Operating voltage pole -U _B connected. The terminal 4 is connected via a resistor 10 to the base electrode 11 of the Transistor 8 in connection. Between the base electrode 11 and dom negative operating voltage pole -Ua are in parallel Resistor 12 and a light diode 13 used as a reference element connected. The transistor 8, the working resistor 9, the Resistor 10, the resistor 12 and the light emitting diode 13 form in the illustrated interconnection Constant current source. The output 14 of the cascode stage is connected several times. A connecting line 15 leads to a speed pulses verar '-jitenden Meßwertschaltung 16. The output 14 is still

via a resistor 17 to the inverted input of an integrating differential amplifier 18. In addition, it is connected to the input B of a retriggerable monoflop 19 and the output of a switching stage 20. The non-inverted

Input of the differential amplifier 18 is connected to a voltage divider formed by the resistors 21 and 22 The output 23 of the integrating differential amplifier 18 is connected via a resistor 24 to the base electrode of a Power transistor 25 in Kollektorschaltur j linked. The load resistance thereof is formed by the IR light emitting diode 1 and a limiting resistor 26. Between the Base electrode and the positive operating voltage + U ₈ a protective diode 33 is inserted. Between the emitter electrode of the power transistor 25 and the input of a trigger stage 27 sees a conductive Connection. The trigger stage 27 is a Schmitt trigger. At the output of the Triggerstuie 27 are an optical Signal generator, Z ₁ B. a light emitting diode 28, and a Fehlerauswerteschaltung 29 connected. The output Q of the retriggerable monoflop 19 is associated with the first input of an AND gate 30, the second Input with a start-stop line 31 is busy. The output of the AND gate 30 is connected through a resistor 32 to the Control input of the switching stage 20, a switching transistor, out.
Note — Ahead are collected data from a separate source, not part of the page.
lemma inj_linear_onto_finite_support:
  fixes T :: "('v \<Rightarrow> real) \<Rightarrow> ('v \<Rightarrow> real)"
  assumes "finite V"
    and add: "\<And>f h. T (\<lambda>x. f x + h x) = (\<lambda>x. T f x + T h x)"
    and scale: "\<And>c f. T (\<lambda>x. c * f x) = (\<lambda>x. c * T f x)"
    and into: "\<And>f x. x \<notin> V \<Longrightarrow> T f x = 0"
    and kernel: "\<And>f. (\<forall>x. x \<notin> V \<longrightarrow> f x = 0) \<Longrightarrow> T f = (\<lambda>x. 0) \<Longrightarrow> f = (\<lambda>x. 0)"
    and g: "\<forall>x. x \<notin> V \<longrightarrow> g x = 0"
  obtains f where "\<forall>x. x \<notin> V \<longrightarrow> f x = 0" and "T f = g"
proof -
  let ?S = "{f. \<forall>x. x \<notin> V \<longrightarrow> f x = 0}"
  have lin: "Vector_Spaces.linear (\<lambda>c f x. c * f x) (\<lambda>c f x. c * f x) T"
    by (auto simp: Vector_Spaces.linear_iff real_fun.vector_space_axioms plus_fun_def add scale)
  have T_diff: "T (\<lambda>x. f x - h x) = (\<lambda>x. T f x - T h x)" for f h
    using add[of f "\<lambda>x. - h x"] scale[of "-1" h] by simp
  have "inj_on T ?S"
  proof (rule inj_onI)
    fix f h assume "f \<in> ?S" "h \<in> ?S" "T f = T h"
    then have "\<forall>x. x \<notin> V \<longrightarrow> f x - h x = 0" and "T (\<lambda>x. f x - h x) = (\<lambda>x. 0)"
      by (simp_all add: T_diff)
    then have "(\<lambda>x. f x - h x) = (\<lambda>x. 0)" by (rule kernel)
    then show "f = h" by (metis eq_iff_diff_eq_0 ext)
  qed
  moreover have "T ` ?S \<subseteq> ?S" using into by auto
  ultimately have "T ` ?S = ?S"
    using real_fun.linear_inj_on_span_imp_onto[OF lin,
        where B = "(\<lambda>v x. if x = v then 1 else 0) ` V"] assms(1)
    unfolding real_fun_span_deltas[OF assms(1)] by simp
  moreover have "g \<in> ?S" using g by simp
  ultimately have "g \<in> T ` ?S" by simp
  then obtain f where "f \<in> ?S" and "T f = g" by auto
  then show thesis using that by simp
qed

lemma sym_adj: "sym (adj E p q)"
  by (auto simp: adj_def sym_def)

lemma connected_in_refl: "connected_in E p q u u"
  by (simp add: connected_in_def)

lemma connected_in_trans:
  "connected_in E p q u v \<Longrightarrow> connected_in E p q v w \<Longrightarrow> connected_in E p q u w"
  unfolding connected_in_def by (rule rtrancl_trans)

lemma connected_in_sym: "connected_in E p q u v \<Longrightarrow> connected_in E p q v u"
  unfolding connected_in_def using sym_rtrancl[OF sym_adj] by (rule symD)

lemma connected_in_edge: "e \<in> E \<Longrightarrow> connected_in E p q (p e) (q e)"
  unfolding connected_in_def adj_def by (rule r_into_rtrancl) blast

lemma connected_in_delete_edge:
  assumes "connected_in E p q (p e) u"
  shows "connected_in (E - {e}) p q (p e) u \<or> connected_in (E - {e}) p q (q e) u"
  using assms unfolding connected_in_def
proof (induct rule: rtrancl_induct)
  case base
  then show ?case by simp
next
  case (step y z)
  from step(2) obtain e' where e': "e' \<in> E" "(y = p e' \<and> z = q e') \<or> (y = q e' \<and> z = p e')"
    by (auto simp: adj_def)
  show ?case
  proof (cases "e' = e")
    case True
    then show ?thesis using e' by auto
  next
    case False
    then have "(y, z) \<in> adj (E - {e}) p q" using e' by (auto simp: adj_def)
    then show ?thesis using step(3) by (meson rtrancl.rtrancl_into_rtrancl)
  qed
qed

lemma separating_edge_is_bridge:
  assumes "s \<in> V" "t \<in> V" "\<not> connected_in (E - {e}) p q s t"
  shows "is_bridge V E p q e"
  using assms by (auto simp: is_bridge_def graph_connected_def)

lemma bridge_endpoints_disconnected:
  assumes conn: "graph_connected V E p q" and "p e \<in> V" and bridge: "is_bridge V E p q e"
  shows "\<not> connected_in (E - {e}) p q (p e) (q e)"
proof
  assume pq: "connected_in (E - {e}) p q (p e) (q e)"
  have "connected_in (E - {e}) p q (p e) u" if "u \<in> V" for u
    using connected_in_delete_edge[of E p q e u] conn \<open>p e \<in> V\<close> that pq
    by (auto simp: graph_connected_def intro: connected_in_trans)
  then have "graph_connected V (E - {e}) p q"
    using conn unfolding graph_connected_def by (meson connected_in_sym connected_in_trans)
  then show False using bridge by (simp add: is_bridge_def)
qed

locale resistive_network =
  fixes V :: "'v set" and E :: "'e set" and p q :: "'e \<Rightarrow> 'v" and L :: "'e \<Rightarrow> real"
  assumes finite_V: "finite V" and finite_E: "finite E"
    and tail_in_V: "\<And>e. e \<in> E \<Longrightarrow> p e \<in> V" and head_in_V: "\<And>e. e \<in> E \<Longrightarrow> q e \<in> V"
    and length_pos: "\<And>e. e \<in> E \<Longrightarrow> 0 < L e"
begin

abbreviation current where "current \<equiv> net_current E p q L"

definition energy :: "('v \<Rightarrow> real) \<Rightarrow> real" where
  "energy f = (\<Sum>e\<in>E. (f (p e) - f (q e))\<^sup>2 / L e)"

lemma energy_nonneg: "0 \<le> energy f"
  unfolding energy_def using length_pos by (auto intro!: sum_nonneg divide_nonneg_pos)

lemma energy_eq_0_imp_const_on_edges:
  assumes "energy f = 0" and "e \<in> E"
  shows "f (p e) = f (q e)"
proof -
  have "\<forall>e\<in>E. (f (p e) - f (q e))\<^sup>2 / L e = 0"
    using assms(1) length_pos finite_E
    by (subst sum_nonneg_eq_0_iff[symmetric]) (auto simp: energy_def intro: divide_nonneg_pos)
  then have "(f (p e) - f (q e))\<^sup>2 / L e = 0" using assms(2) by blast
  with length_pos[OF assms(2)] show ?thesis by simp
qed

lemma const_on_edges_imp_const_on_connected:
  assumes "\<And>e. e \<in> E \<Longrightarrow> f (p e) = f (q e)" and "connected_in E p q u w"
  shows "f u = f w"
  using assms(2) unfolding connected_in_def
  by (induct rule: rtrancl_induct) (auto simp: adj_def dest: assms(1))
The Schaittransistor is in emitter circuit gciclmüe ;. The described circuit arrangement has the following mode of operation:

Upon transition to the starting state of the centrifuge receives the one input of the AND gate 30 via the start-stop line 31 L level. Dar then at the output of the AND gate 30 Siegende L level locks the switching stage 20. The phototransistor 2 receives no light, causing the transistor 8 is locked. The capacitor of the integrating differential amplifier Ί8 charges and controls the power transistor 25 through its output. The IR light-emitting diode 1 gets power and lights up. Now starts the rotor to rotate, Lichtirr.pulse from the reflecting screen disc on the phototransistor 2, the di ι constant current source 8,9,10,11,12,13 on and off. As a result, the transistor β of the cascode stage S, 6, 7, 8, 9 is also switched. At its load resistor 7 pulses are generated at the output 14 to the connected function stages 16,18, 19 for measuring value, control and monitoring are available. About the A'chschlußleitung 15 enter the pulses to the measured value circuit 16th

The output Q of the retriggerable monoflop 19 tilts to the low state, which causes no change at the output of the AND gate 30.
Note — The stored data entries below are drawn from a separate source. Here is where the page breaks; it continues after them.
lemma Ncount_reverse_relabel:
  fixes f :: "'z::linorder \<Rightarrow> 'w::linorder"
  assumes f: "strict_antimono_on Z f" and Q: "\<forall>z\<in>Z. Q (f z) = (\<not> P z)"
  shows "Ncount n \<sigma> Z P = Ncount n (\<sigma> \<circ> eta n) (f ` Z) Q"
proof -
  let ?g = "inv_into Z f"
  have inj: "inj_on f Z" using f strict_antimono_iff_antimono by blast
  have P: "\<forall>w\<in>f ` Z. P (?g w) = (\<not> Q w)" using Q inj by auto
  have \<sigma>: "\<sigma> \<circ> eta n \<circ> eta n = \<sigma>" by (simp add: fun_eq_iff eta_involution)
  have "bij_betw (\<lambda>a. relabel n f (a \<circ> eta n))
      (compatible_seqs n \<sigma> Z P) (compatible_seqs n (\<sigma> \<circ> eta n) (f ` Z) Q)"
  proof (rule bij_betw_byWitness[where f' = "\<lambda>b. relabel n ?g (b \<circ> eta n)"])
    show "\<forall>a\<in>compatible_seqs n \<sigma> Z P. relabel n ?g (relabel n f (a \<circ> eta n) \<circ> eta n) = a"
      using relabel_relabel inj by (metis inv_into_f_f relabel_comp_eta)
    show "\<forall>b\<in>compatible_seqs n (\<sigma> \<circ> eta n) (f ` Z) Q.
        relabel n f (relabel n ?g (b \<circ> eta n) \<circ> eta n) = b"
      using relabel_relabel by (metis f_inv_into_f relabel_comp_eta)
    show "(\<lambda>a. relabel n f (a \<circ> eta n)) ` compatible_seqs n \<sigma> Z P
        \<subseteq> compatible_seqs n (\<sigma> \<circ> eta n) (f ` Z) Q"
      using reverse_relabel_mem_compatible_seqs[OF f Q] by blast
    show "(\<lambda>b. relabel n ?g (b \<circ> eta n)) ` compatible_seqs n (\<sigma> \<circ> eta n) (f ` Z) Q
        \<subseteq> compatible_seqs n \<sigma> Z P"
      using reverse_relabel_mem_compatible_seqs[OF strict_antimono_on_inv_into[OF f] P,
          of _ n "\<sigma> \<circ> eta n"] inj
      by (auto simp: \<sigma>)
  qed
  then show ?thesis unfolding Ncount_eq_card by (rule bij_betw_same_card)
qed

lemma Ncount_swap_types:
  assumes "\<forall>s\<in>{1..<n}. (\<tau> s < \<tau> (s+1) \<longleftrightarrow> \<sigma> (s+1) < \<sigma> s) \<and>
                           (\<tau> (s+1) < \<tau> s \<longleftrightarrow> \<sigma> s < \<sigma> (s+1))"
  shows "Ncount n \<sigma> Z P = Ncount n \<tau> Z (\<lambda>z. \<not> P z)"
  unfolding Ncount_def using assms by (intro arg_cong[where f = card] Collect_cong) auto

lemma image_reflect_atLeastAtMost_nat:
  fixes a b c :: nat
  assumes "a \<le> b" "b \<le> c"
  shows "(\<lambda>z. c - z) ` {a..b} = {c - b..c - a}"
proof
  show "{c - b..c - a} \<subseteq> (\<lambda>z. c - z) ` {a..b}"
  proof
    fix x assume "x \<in> {c - b..c - a}"
    then have "c - x \<in> {a..b}" and "x = c - (c - x)" using assms by auto
    then show "x \<in> (\<lambda>z. c - z) ` {a..b}" by (rule rev_image_eqI)
  qed
qed auto

lemma as_poly_cong: "(\<And>k. k > 0 \<Longrightarrow> f k = g k) \<Longrightarrow> as_poly f = as_poly g"
  unfolding as_poly_def by metis

lemma Omega_l_eq_Omega_r_comp_eta: "Omega_l n \<sigma> k = Omega_r n (\<sigma> \<circ> eta n) k"
proof -
  have "Ncount n \<sigma> {0..2*k} even = Ncount n (\<sigma> \<circ> eta n) ((\<lambda>z. 2*k + 1 - z) ` {0..2*k}) even"
    by (rule Ncount_reverse_relabel) (auto intro!: monotone_onI)
  then show ?thesis
    by (simp add: Omega_l_def Omega_r_def image_reflect_atLeastAtMost_nat)
qed

lemma Omega'_eq_Omegabar'_eta_comp:
  assumes \<sigma>: "\<forall>i\<in>{1..n}. \<sigma> i \<in> {1..n}" and "k > 0"
  shows "Omega' n \<sigma> k = Omegabar' n (eta n \<circ> \<sigma>) k"
proof -
  have "Ncount n \<sigma> {1..2*k} even = Ncount n (eta n \<circ> \<sigma>) {1..2*k} (\<lambda>z. \<not> even z)"
    by (rule Ncount_swap_types) (use \<sigma> in \<open>auto simp: eta_reverses_order\<close>)
  also have "\<dots> = Ncount n (eta n \<circ> \<sigma>) ((\<lambda>z. z + 1) ` {0..2*k - 1}) (\<lambda>z. \<not> even z)"
    using \<open>k > 0\<close> by simp
  also have "\<dots> = Ncount n (eta n \<circ> \<sigma>) {0..2*k - 1} even"
    by (rule Ncount_relabel[symmetric]) (auto intro: strict_mono_onI)
  finally show ?thesis
    unfolding Omega'_def Omegabar'_def .
qed

theorem proposition4p7:
  fixes n :: nat and \<sigma> :: "nat \<Rightarrow> nat"
  assumes "\<sigma> permutes {1..n}"
  shows "as_poly (Omega_l n \<sigma>) = as_poly (Omega_r n (\<sigma> \<circ> eta n)) \<and>
         as_poly (Omega' n \<sigma>) = as_poly (Omegabar' n (eta n \<circ> \<sigma>))"
proof
  show "as_poly (Omega_l n \<sigma>) = as_poly (Omega_r n (\<sigma> \<circ> eta n))"
    by (intro as_poly_cong Omega_l_eq_Omega_r_comp_eta)
  have "\<forall>i\<in>{1..n}. \<sigma> i \<in> {1..n}"
    using permutes_in_image[OF assms] by blast
  then show "as_poly (Omega' n \<sigma>) = as_poly (Omegabar' n (eta n \<circ> \<sigma>))"
    by (intro as_poly_cong Omega'_eq_Omegabar'_eta_comp)
qed

end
The pulses charge the capacitor of the differential amplifier 18 and discharge it, with an average value of the pulse voltage being set across it. This average is compared by the differential amplifier 18 with the voltage tapped by the voltage divider 21,22. In case of equality, i. at unchanged duty cycle of the pulses, the voltage at the output 23 of the differential amplifier 18 remains constant. As a result, the current through the IR light-emitting diode 1 does not change. Changes in the distance of the reflective screen to the IR light emitting diode 1 and / or the phototransistor 2, the aging of both elements and the pollution of the reflective screen lead to a different duty cycle of the pulses on the load resistor 7, which manifests itself in a change in the mean value of the pulse voltage across the capacitor. The resulting difference in voltage at the input of the differential amplifier 18 is amplified by this and causes the power transistor 25 to a change in the current through the IR light emitting diode 1, whereby the light intensity undergoes a change. The change in the luminous intensity is such that it counteracts and virtually eliminates its cause, the change in the tactile relationship.

This is a Regeiu.f Hes Duty cycle before. Controlled system is the sampling path, controller of the integrating differential amplifier 18, setpoint generator of the voltage divider 21,22 and actuator of the power transistor 25 and the IR light emitting diode. 1

The use of the cascode stage 5,6,7,8 to amplify the pulses and the keying of the constant current source 8,9,10,11,12, 13 make it possible to generate speed pulses to the highest frequencies without distortion.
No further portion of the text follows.